- Theatrical release poster
- Directed by: Edward Dmytryk
- Written by: Ranald MacDougall
- Based on: La neige en deuil by Henri Troyat
- Starring: Spencer Tracy Robert Wagner
- Cinematography: Franz Planer
- Edited by: Frank Bracht
- Music by: Daniele Amfitheatrof
- Production company: Paramount Pictures
- Distributed by: Paramount Pictures
- Release date: November 14, 1956 (New York City);
- Running time: 105 minutes
- Country: United States
- Language: English
- Budget: $2,119,000
- Box office: $1.8 million (US/Canada rentals)

= The Mountain (1956 film) =

1956 film by Edward Dmytryk

The Mountain is a 1956 American adventure drama film starring Spencer Tracy and Robert Wagner. The supporting cast included Claire Trevor, Richard Arlen, William Demarest, and Anna Kashfi. It is based on La neige en deuil, a 1952 French novel by Henri Troyat which was inspired by the crash of Air India Flight 245 in 1950.

==Plot==
When a passenger plane crashes near the top of Mont Blanc in the French Alps, greedy Christopher Teller decides to go and rob the dead. However, he has no hope of getting to the crash site without the help of his older brother Zachary, a highly skilled mountain climber. Zachary wants to leave the dead in peace, but Chris hounds him until he finally gives in.

When they reach the downed plane, they find one badly injured survivor, an Indian woman. Chris wants to leave her there to die, but Zachary insists on bringing her down the mountain.

On the descent, Chris, ignoring Zachary's warning, tries to cross an unsafe snow bridge and falls to his death. When Zachary gets the woman to his village, he tells everyone that he went up the mountain to rob the plane and forced his brother to go with him, but his friends know better.

==Cast==
- Spencer Tracy as Zachary Teller
- Robert Wagner as Christopher 'Chris' Teller
- Claire Trevor as Marie
- William Demarest as Father Belacchi
- Barbara Darrow as Simone
- Richard Arlen as C.W. Rivial
- E. G. Marshall as Solange
- Anna Kashfi as Hindu Girl
- Richard Garrick as Coloz
- Harry Townes as Joseph
- Stacy Harris as Servoz
- Yves Brainville as André

==Reception==
The film was widely viewed as a captivating adventure spectacular, as far as the essential climb scenes, which dominate the film. Reviewers generally dismissed the surrounding drama as less impressive, and mocked the pairing of actors Tracy and Wagner as brothers, which seemed implausible because of their vastly different ages—though Tracy's performance was uniformly praised. Reviewers (including actual mountain climbers) disagreed over the degree of realism.

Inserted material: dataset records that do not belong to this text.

(* Core of the argument: no point of an orbit of a cyclically reduced word can be a local
   maximum of height above every wild point of its letters. *)
lemma no_peak:
  assumes letter: "a \<in> letters" "b \<in> letters" "c \<in> letters" "d \<in> letters"
    and irreducible: "a \<circ> b \<notin> letters" "b \<circ> c \<notin> letters" "c \<circ> d \<notin> letters"
    and orbit: "p0 = a p1" "p1 = b z" "z = c p3" "p3 = d p4"
    and peak: "p0 \<le> z" "p1 \<le> z" "p3 \<le> z" "p4 \<le> z"
    and tame: "\<And>g y. g \<in> {a, b, c, d} \<Longrightarrow> g \<in> G \<Longrightarrow> y \<in> {p0, p1, z, p3, p4} \<Longrightarrow> y \<notin> wild g"
  shows False
proof -
  note ab = irreducible_pair[OF letter(1,2) irreducible(1)]
    and bc = irreducible_pair[OF letter(2,3) irreducible(2)]
    and cd = irreducible_pair[OF letter(3,4) irreducible(3)]
  have shift_letter: "g \<in> {s, s'}" if "g \<in> letters" "g \<notin> G" for g
    using that by (auto simp: letters_def)
  consider (mid) "c \<in> G" | (left) "c \<notin> G" "b \<in> G" | (none) "b \<notin> G" "c \<notin> G"
    by blast
  then show False
  proof cases
    case mid
    then have "b \<in> {s, s'}" "d \<in> {s, s'}"
      using bc(3) cd(3) shift_letter letter by auto
    have "p3 \<notin> wild c" "z \<notin> wild c"
      using tame mid by simp_all
    then have "p3 < z" "z < f p3"
      using G_neighbour_close[OF mid _ _ peak(3)] orbit(3) by auto
    moreover have "p4 \<in> {s p3, s' p3}"
      using step_back[OF \<open>d \<in> {s, s'}\<close>] orbit(4) by simp
    moreover have "p1 \<in> {s z, s' z}"
      using \<open>b \<in> {s, s'}\<close> orbit(2) by auto
    ultimately show False
      using no_close_returns peak(2,4) by blast
  next
    case left
    then have "a \<in> {s, s'}" "c \<in> {s, s'}"
      using ab(3) shift_letter letter by auto
    have "p1 \<notin> wild b" "z \<notin> wild b"
      using tame left by simp_all
    then have "p1 < z" "z < f p1"
      using G_neighbour_close[OF left(2) _ _ peak(2)] orbit(2) by auto
    moreover have "p0 \<in> {s p1, s' p1}"
      using \<open>a \<in> {s, s'}\<close> orbit(1) by auto
    moreover have "p3 \<in> {s z, s' z}"
      using step_back[OF \<open>c \<in> {s, s'}\<close>] orbit(3) by simp
    ultimately show False
      using no_close_returns peak(1,3) by blast
  next
    case none
    then have "b = c" "b \<in> {s, s'}"
      using bc(4) by auto
    then have "s z \<le> z \<and> s' z \<le> z"
      using orbit(2,3) peak(2,3) s_s' s'_s by auto
    then show False
      using moves_up[of z] by simp
  qed
qed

The New York Times lauded the climbing scenes as truly conveying the feeling of climbing the mountain, with some scenes "really terrifying to behold." The reviewer added that the director's use of color and VistaVision effectively conveyed the "magnificent... stunning scenery." Though panning "the drama... fit... around the climbing" [as] "flimsy and hard to take," the Times noted the film was "worth seeing."

Several actual mountain climbers have reviewed the film, including Benjamin Epstein, who wrote in the Los Angeles Times that it "is long on heart [but] short on realism"—a view shared by Colorado writer/climber Candace Horgan. Dismissing the film as "mostly just plain hokey," Epstein acknowledged that Spencer Tracy was "great to watch."